Game designers, MIT, professors weigh in on what educators need to know about the controversy, and how it applies to classroom practice

gamergate-game-education [1]Games, but especially games for education, need to allow for gender equality and freedom of expression, say gaming experts—two critical game design components needed in the fight against Gamergate’s revelation of misogyny in the gaming industry.

Gamergate originally began as a hashtag in social media after an independent game developer’s ex-boyfriend made public allegations against her regarding a close relationship between the developer and a journalist in exchange for positive press, which was later proven false.

Since then, the controversy has escalated to reveal what many in the gaming industry say is a bias against women in gaming, evidenced not only by death and other malicious threats made against female game developers and female game players, but also by the male-heavy themes in many of today’s commercial games.

Considering that more classrooms and educators are now incorporating gaming into education, never has the controversy surrounding Gamergate and the bias toward women in gaming been more relevant in education, says gaming experts.

But to understand gaming’s standing in education, the gaming researchers and developers at MIT’s Education Arcade [2] say that educators must first understand gaming in the context of an equal right’s movement.

For example, though bias against women is not exclusive to gaming [3], “digital gaming, like computer science and other STEM fields, is another one of those fields that have long been unwelcoming to women and other marginalized people for a variety of historical, social, economic, and accidental reasons,” said a spokesperson for the Arcade. “However, in terms of people playing games, we do not see that sort of numerical bias.

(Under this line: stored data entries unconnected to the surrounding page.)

(* Let $n\in\mathbb{N}$, let $E=E(\mathbb{R}^n)$ and $X=X(\mathbb{R}^n)$ be rearrangement-invariant spaces with Luxemburg representations $\widetilde{E}(0,\infty)$, $\widetilde{X}(0,\infty)$, and let $\Phi\in B_n(\infty)$. Then the embedding $K_3\mapsto\widetilde{X}(0,\infty)$ holds if and only if the operator $T_\Phi$ is bounded from $\widetilde{E}(0,\infty)$ to $\widetilde{X}(0,\infty)$, i.e. there is $C>0$ with $\|T_\Phi f\|_{\widetilde{X}}\le C\|f\|_{\widetilde{E}}$ for all $f\in\widetilde{E}(0,\infty)$, where $(T_\Phi f)(x)=\sup_{x<t<\infty}\Phi(t^{1/n})\,t\,f^{**}(t)$.
   Context: A rearrangement-invariant space (RIS) on $\mathbb{R}^n$ is a Banach function space (Bennett–Sharpley) with respect to Lebesgue measure whose norm satisfies $\|f\|\le\|g\|$ whenever $f^*\le g^*$; $f^*(t)=\inf\{y>0:|\{|f|>y\}|\le t\}$, $f^{**}(t)=\frac1t\int_0^tf^*$. The Luxemburg representation $\widetilde{X}(0,\infty)$ of $X$ is the RIS on $(0,\infty)$ with $\|f\|_X=\|f^*\|_{\widetilde{X}}$ (similarly $\widetilde{E}$). Class $B_n(\infty)$: $\Phi:(0,\infty)\to(0,\infty)$ decreasing and continuous with $\int_0^r\Phi(\rho)\rho^{n-1}d\rho\le C\Phi(r)r^n$ for all $r>0$, some $C>0$. $K_3=\{h:\ h(t)=\sup_{t<\tau<\infty}\tau\Phi(\tau^{1/n})u^{**}(\tau)\ \forall t>0,\text{ for some }u\in E\}$ with $\rho_{K_3}(h)=\inf\{\|u\|_E:\ u\in E,\ \sup_{t<\tau<\infty}\tau\Phi(\tau^{1/n})u^{**}(\tau)=h(t)\ \forall t>0\}$. The embedding $K_3\mapsto\widetilde{X}$ means $K_3\subset\widetilde{X}$ and $\|h\|_{\widetilde{X}}\le C\rho_{K_3}(h)$ for all $h\in K_3$. *)

theory Defs
  imports "HOL-Analysis.Analysis"
begin
lemma Der0_diff_commutator:
  fixes h :: "'v \<Rightarrow> 'k"
  defines "z \<equiv> \<Sum>j\<in>V. scale (h j) (e j)"
  shows "Der0 scale V e (\<lambda>p. D p - (z * p - p * z))"
proof -
  have "D (p + q) - (z * (p + q) - (p + q) * z) = D p - (z * p - p * z) + (D q - (z * q - q * z))"
    for p q by (simp add: D_add algebra_simps)
  moreover have "D (scale r p) - (z * scale r p - scale r p * z) = scale r (D p - (z * p - p * z))"
    for r p by (simp add: D_scale scale_mult_left[symmetric] scale_mult_right[symmetric] scale_right_diff_distrib)
  moreover have "D (p * q) - (z * (p * q) - p * q * z) = (D p - (z * p - p * z)) * q + p * (D q - (z * q - q * z))"
    for p q by (simp add: D_mult algebra_simps)
  moreover have "D (e i) - (z * e i - e i * z) = 0" if "i \<in> V" for i
    using that sum_scaled_idempotents_mult[of i h 1] mult_sum_scaled_idempotents[of i 1 h]
    by (simp add: z_def D_idempotent)
  moreover have "module scale"
    using vector_space_axioms by (simp add: module_iff_vector_space)
  ultimately show ?thesis
    unfolding Der0_def module_hom_iff_linear[symmetric] module_hom_iff by simp
qed

lemma diff_commutator_nu_path:
  fixes h :: "'v \<Rightarrow> 'k"
  assumes "is_path V E src tgt (x, as)"
  defines "z \<equiv> \<Sum>j\<in>V. scale (h j) (e j)" and "y \<equiv> wend src tgt x (map (\<lambda>a. (a, True)) as)"
  shows "D (nu_path e nuA (x, as)) - (z * nu_path e nuA (x, as) - nu_path e nuA (x, as) * z) =
    scale (h x + (\<Sum>a\<leftarrow>as. c a) - h y) (nu_path e nuA (x, as))"
proof -
  have x: "x \<in> V" and as: "set as \<subseteq> E" and y: "y \<in> V"
    using is_path_vertex_arrows[OF assms(1)] wend_in_vertices[OF quiver] assms(1)
    by (auto simp: y_def is_path_def walk_def path_walk_def)
  have "z * nu_path e nuA (x, as) = scale (h y) (nu_path e nuA (x, as))"
    using sum_scaled_idempotents_mult[OF y, of h "nu_path e nuA (x, as)"] idempotent_mult_nu_path[OF x as]
    by (simp add: z_def y_def)
  moreover have "nu_path e nuA (x, as) * z = scale (h x) (nu_path e nuA (x, as))"
    using mult_sum_scaled_idempotents[OF x, of "nu_path e nuA (x, as)" h] nu_path_mult_idempotent[OF x]
    by (simp add: z_def)
  ultimately show ?thesis
    using D_nu_path[OF x as] by (simp add: scale_left_distrib scale_left_diff_distrib)
qed

lemma derivation_in_image_theta:
  assumes tree: "maximal_tree V E src tgt T" and x0: "x0 \<in> V"
  shows "in_image_theta V E src tgt scale e nuA T x0 D"
proof -
  obtain g where g_hom: "g \<in> hom (pi1 V E src tgt scale e nuA x0) (additive_group TYPE('k))"
    and g_class: "\<And>w. walk V E src tgt w \<Longrightarrow> g (htpy_class V E src tgt scale e nuA w) = walk_weight c (snd w)"
    using walk_weight_hom_pi1[OF htpy_walk_weight_invariant] by blast
  define h where "h x = walk_weight c (gamma src tgt T x0 x)" for x
  define z where "z = (\<Sum>x\<in>V. scale (h x) (e x))"
  have theta: "D (nu_path e nuA (x, as)) - (z * nu_path e nuA (x, as) - nu_path e nuA (x, as) * z) =
      scale (g (htpy_class V E src tgt scale e nuA (loop_of_path src tgt T x0 (x, as)))) (nu_path e nuA (x, as))"
    if u: "is_path V E src tgt (x, as)" for x as
    using diff_commutator_nu_path[OF u, of h] g_class[OF walk_loop_of_path[OF quiver tree x0 u]]
    by (simp add: z_def h_def loop_of_path_def path_walk_def)
  show ?thesis
    unfolding in_image_theta_def
  proof (intro bexI[OF _ g_hom] exI conjI)
    show "Der0 scale V e (\<lambda>p. D p - (z * p - p * z))"
      unfolding z_def by (rule Der0_diff_commutator)
    show "same_HH1_class scale V e D (\<lambda>p. D p - (z * p - p * z))"
      unfolding same_HH1_class_def z_def by (intro exI[of _ h]) simp
  qed (use theta in auto)
qed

Gaming is more openly diverse than it ever has been before.”

The problem is that the diversity in players doesn’t translate to diversity in representation within most commercial games.

According to Sherry Jones—a Philosophy, Rhetoric, and Game Studies instructor at the University of Colorado, Denver, as well as game studies facilitator for the Metagame Book Club [4] at ISTE’s Games & Simulations Network [5]—the reason most commercial games favor one gender [male] over another is because of the misogyny prevalent in the game design industry.

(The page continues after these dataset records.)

(* (Regression adjustment identification.) Assume MMG and PAI with respect to $G$, and let $s_1,\dots,s_J$ be all connected subsets of $G$ containing vertex $1$. For every pattern $r$ with $r_1=0$ and $\psi(\bar r)=s_j$, $$\mathbb E[X_1 I(R=r)]=\mathbb E\big[m_{s_j}(X_{N_G(s_j)})I(R=r)\big],$$ and consequently $$\mathbb E[X_1]=\mathbb E[X_1 R_1]+\sum_{j=1}^J\mathbb E\big[m_{s_j}(X_{N_G(s_j)})\,I(\psi(\bar R)=s_j)\big].$$
   Context: $X=(X_1,\dots,X_d)$ with $\mathbb E|X_1|<\infty$, $R\in\{0,1\}^d$ with $R_j=1$ iff $X_j$ observed. Binary vectors are identified with index sets; $\bar r=\mathbf 1_d-r$. $G$ is an undirected graph on $\{1,\dots,d\}$; for an index set $U$, $N_G(U)$ is the set of vertices outside $U$ adjacent to $U$ and $\bar N_G(U)=U\cup N_G(U)$; "$R_U=1$" means $R_k=1$ for all $k\in U$. For $v\in\{0,1\}^d$ with $v_1=1$, $\psi(v)$ is the vertex set of the connected component containing vertex 1 in the subgraph of $G$ induced on $\{k:v_k=1\}$. $m_{s_j}(x_{N_G(s_j)})=\mathbb E[X_1\mid X_{N_G(s_j)}=x_{N_G(s_j)},R_{\bar N_G(s_j)}=1]$. MMG: for each pattern $r$ with $P(R=r)>0$ and connected components $s_1,\dots,s_K$ of the missing set $\{k:r_k=0\}$, $p(x_{\bar r}\mid x_r,R=r)=\prod_k p(x_{s_k}\mid x_{N_G(s_k)},R=r)$. PAI: $p(x_{s_k}\mid x_{N_G(s_k)},R=r)=p(x_{s_k}\mid x_{N_G(s_k)},R_{\bar N_G(s_k)}=1)$. Positivity assumed. *)

theory Defs
  imports "HOL-Probability.Probability"
begin

text \<open>Vertices are V = {1..d}; vertex 1 is the outcome. Patterns r are
  index sets of observed coordinates (r = {k. R_k = 1}), subsets of V.\<close>

definition ind_adj :: "(nat \<Rightarrow> nat \<Rightarrow> bool) \<Rightarrow> nat set \<Rightarrow> nat \<Rightarrow> nat \<Rightarrow> bool" where
  "ind_adj G S a b \<longleftrightarrow> a \<in> S \<and> b \<in> S \<and> G a b"

definition conn_set :: "(nat \<Rightarrow> nat \<Rightarrow> bool) \<Rightarrow> nat set \<Rightarrow> bool" where
  "conn_set G S \<longleftrightarrow> S \<noteq> {} \<and> (\<forall>u\<in>S. \<forall>v\<in>S. (ind_adj G S)\<^sup>*\<^sup>* u v)"

definition comp_of :: "(nat \<Rightarrow> nat \<Rightarrow> bool) \<Rightarrow> nat set \<Rightarrow> nat \<Rightarrow> nat set" where
  "comp_of G S v = {w \<in> S. (ind_adj G S)\<^sup>*\<^sup>* v w}"

definition components :: "(nat \<Rightarrow> nat \<Rightarrow> bool) \<Rightarrow> nat set \<Rightarrow> nat set set" where
  "components G S = comp_of G S ` S"

definition nbr :: "nat set \<Rightarrow> (nat \<Rightarrow> nat \<Rightarrow> bool) \<Rightarrow> nat set \<Rightarrow> nat set" where
  "nbr V G U = {v \<in> V - U. \<exists>u\<in>U. G u v}"

text \<open>If 1 is not in v, psi is undefined in the paper; we return {},
  which is never a connected set, so the indicator I(psi(bar R) = s) is 0.\<close>
definition psi :: "(nat \<Rightarrow> nat \<Rightarrow> bool) \<Rightarrow> nat set \<Rightarrow> nat set" where
  "psi G v = (if 1 \<in> v then comp_of G v 1 else {})"

definition dataM :: "nat set \<Rightarrow> real measure \<Rightarrow> (nat \<Rightarrow> real) measure" where
  "dataM V \<nu> = PiM V (\<lambda>_. \<nu>)"

text \<open>Joint density of (X_A, R in E) at x_A, obtained from the joint density f of
  (X, R) by integrating out X_{V-A} and summing over patterns in E.\<close>
definition marg :: "nat set \<Rightarrow> real measure \<Rightarrow> ((nat \<Rightarrow> real) \<Rightarrow> nat set \<Rightarrow> real)
    \<Rightarrow> nat set \<Rightarrow> nat set set \<Rightarrow> (nat \<Rightarrow> real) \<Rightarrow> real" where
  "marg V \<nu> f A E x =
     (\<integral>y. (\<Sum>r\<in>E. f (merge A (V - A) (x, y)) r) \<partial>PiM (V - A) (\<lambda>_. \<nu>))"

definition cond_dens :: "nat set \<Rightarrow> real measure \<Rightarrow> ((nat \<Rightarrow> real) \<Rightarrow> nat set \<Rightarrow> real)
    \<Rightarrow> nat set \<Rightarrow> nat set \<Rightarrow> nat set set \<Rightarrow> (nat \<Rightarrow> real) \<Rightarrow> real" where
  "cond_dens V \<nu> f B A E x = marg V \<nu> f (A \<union> B) E x / marg V \<nu> f A E x"

text \<open>The event R_U = 1, as a set of patterns.\<close>
definition obs_all :: "nat set \<Rightarrow> nat set \<Rightarrow> nat set set" where
  "obs_all V U = {r. r \<subseteq> V \<and> U \<subseteq> r}"

text \<open>m_s(x_{N(s)}) = E[X_1 | X_{N(s)} = x_{N(s)}, R_{s \<union> N(s)} = 1].\<close>
definition mreg :: "nat set \<Rightarrow> real measure \<Rightarrow> ((nat \<Rightarrow> real) \<Rightarrow> nat set \<Rightarrow> real)
    \<Rightarrow> (nat \<Rightarrow> nat \<Rightarrow> bool) \<Rightarrow> nat set \<Rightarrow> (nat \<Rightarrow> real) \<Rightarrow> real" where
  "mreg V \<nu> f G s x =
     (let N = nbr V G s; E = obs_all V (s \<union> N) in
      \<integral>t. t * cond_dens V \<nu> f {1} N E (x(1 := t)) \<partial>\<nu>)"

definition pos_pattern :: "nat set \<Rightarrow> real measure \<Rightarrow> ((nat \<Rightarrow> real) \<Rightarrow> nat set \<Rightarrow> real)
    \<Rightarrow> nat set \<Rightarrow> bool" where
  "pos_pattern V \<nu> f r \<longleftrightarrow> (\<integral>\<^sup>+x. ennreal (f x r) \<partial>dataM V \<nu>) > 0"

definition MMG :: "nat set \<Rightarrow> real measure \<Rightarrow> ((nat \<Rightarrow> real) \<Rightarrow> nat set \<Rightarrow> real)
    \<Rightarrow> (nat \<Rightarrow> nat \<Rightarrow> bool) \<Rightarrow> bool" where
  "MMG V \<nu> f G \<longleftrightarrow> (\<forall>r. r \<subseteq> V \<and> pos_pattern V \<nu> f r \<longrightarrow>
     (AE x in dataM V \<nu>. cond_dens V \<nu> f (V - r) r {r} x =
        (\<Prod>s\<in>components G (V - r). cond_dens V \<nu> f s (nbr V G s) {r} x)))"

“Most games heavily favor the male experience because there’s this perception by game studios that most gamers are male and that this is what sells. Most game studios then hire all-male game designers,” she said. “That’s why you see all these independent game developers—who are mostly women—go outside of the AAA game studios [6], since there’s no pressure to conform to the solely-male experience.”

(Next page: Biggest mistake game developers make when it comes to designing for gender.)

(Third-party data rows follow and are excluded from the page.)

lemma ln_le_top_entropy_of_integer_itineraries:
  fixes \<psi> :: "'a \<Rightarrow> real"
  assumes cont: "continuous_map T euclidean \<psi>"
    and bound: "\<And>x. x \<in> topspace T \<Longrightarrow> 0 \<le> \<psi> x \<and> \<psi> x \<le> real N"
    and g: "g ` topspace T \<subseteq> topspace T"
    and P: "P \<subseteq> topspace T"
    and integer: "\<And>x i. x \<in> P \<Longrightarrow> \<psi> ((g ^^ i) x) \<in> \<int>"
    and K: "K \<ge> 1"
    and growth: "\<And>n. K ^ n \<le> card ((\<lambda>x. map (\<lambda>i. \<psi> ((g ^^ i) x)) [0..<n]) ` P)"
  shows "ereal (ln K) \<le> top_entropy T g"
proof -
  define U where "U = (\<lambda>k. {x \<in> topspace T. \<psi> x \<in> ball (real k) (2/3)}) ` {..N}"
  have U: "U \<in> open_covers T"
    unfolding U_def using cont bound by (rule integer_ball_open_cover)
  have "card ((\<lambda>x. map (\<lambda>i. \<psi> ((g ^^ i) x)) [0..<n]) ` P) \<le> cover_num T (join_cover T g U n)" for n
    by (rule card_integer_itineraries_le_cover_num[where \<psi> = \<psi>, OF U _ _ g P integer]) (auto simp: U_def)
  then have "K ^ n \<le> cover_num T (join_cover T g U n)" for n
    using growth[of n] order_trans by blast
  then have "ereal (ln K) \<le> cover_entropy T g U"
    by (rule ln_le_cover_entropy[OF K])
  also have "\<dots> \<le> top_entropy T g"
    unfolding top_entropy_def using U by (rule SUP_upper)
  finally show ?thesis .
qed

section \<open>Evaluation functionals on a singly generated anqie\<close>

lemma anqie_gen_closed:
  shows "F \<subseteq> anqie_gen F"
    and "(\<lambda>_. 1) \<in> anqie_gen F"
    and "f \<in> anqie_gen F \<Longrightarrow> h \<in> anqie_gen F \<Longrightarrow> (\<lambda>n. f n + h n) \<in> anqie_gen F"
    and "f \<in> anqie_gen F \<Longrightarrow> (\<lambda>n. c * f n) \<in> anqie_gen F"
    and "f \<in> anqie_gen F \<Longrightarrow> h \<in> anqie_gen F \<Longrightarrow> (\<lambda>n. f n * h n) \<in> anqie_gen F"
    and "f \<in> anqie_gen F \<Longrightarrow> shiftA f \<in> anqie_gen F"
  unfolding anqie_gen_def anqie_def unital_cstar_subalg_def by blast+

definition point_eval :: "(nat \<Rightarrow> complex) set \<Rightarrow> nat \<Rightarrow> (nat \<Rightarrow> complex) \<Rightarrow> complex" where
  "point_eval A m = restrict (\<lambda>h. h m) A"

lemma point_eval_in_characters: "point_eval (anqie_gen F) m \<in> characters (anqie_gen F)"
  unfolding characters_def point_eval_def using anqie_gen_closed by auto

According to Jones and Kae Novak, an instructional designer for online learning at Front Range Community College and chair of ISTE’s Special Interest Group for Virtual Environments [7], the solely-male experience in video games is often characterized by a male main character, by secondary female characters portrayed as victims in need of help, and by violence against women as part of game play [i.e. Grand Theft Auto].

“It’s also limiting because even if you include a girl as the main player, you’re still excluding transgendered players, or run the risk of stereotyping what a man or a woman looks like,” noted Novak.

“The biggest mistake that game developers make is to overly target one genre over another,” said Nicole Lazzaro, a psychology and computer programming graduate of Stanford University, president and founder of XEODesign, Inc. [8], and one of Gamasutra [9]’s ‘Top 20 Women Working in Video Games.’ “Games are played in mixed gender environments and so games lose half their audience if they only cater to one gender identity.

Lazzaro also said that commercial game design also tends to design “games for girls” and “games for boys.”

“Imagine that I put everything that players like about games on the table; then in one hand, I gather everything that boys (and only boys) like about games. In the other hand I gather everything that girls (and only girls) like about games. What many in the industry do next is look at what’s in one hand and design a game for boys and design a game for girls with what’s in the other hand.”

“But what are we forgetting?” she continued, “We’re forgetting everything that is still on the table. And it turns out that everything still on the table is what players like the most about games, which is what we call the ‘Four Keys to Fun [10]’: novelty, challenge, friendship, and meaning. The moral of the story is games attract a larger audience if they appeal to both genders.”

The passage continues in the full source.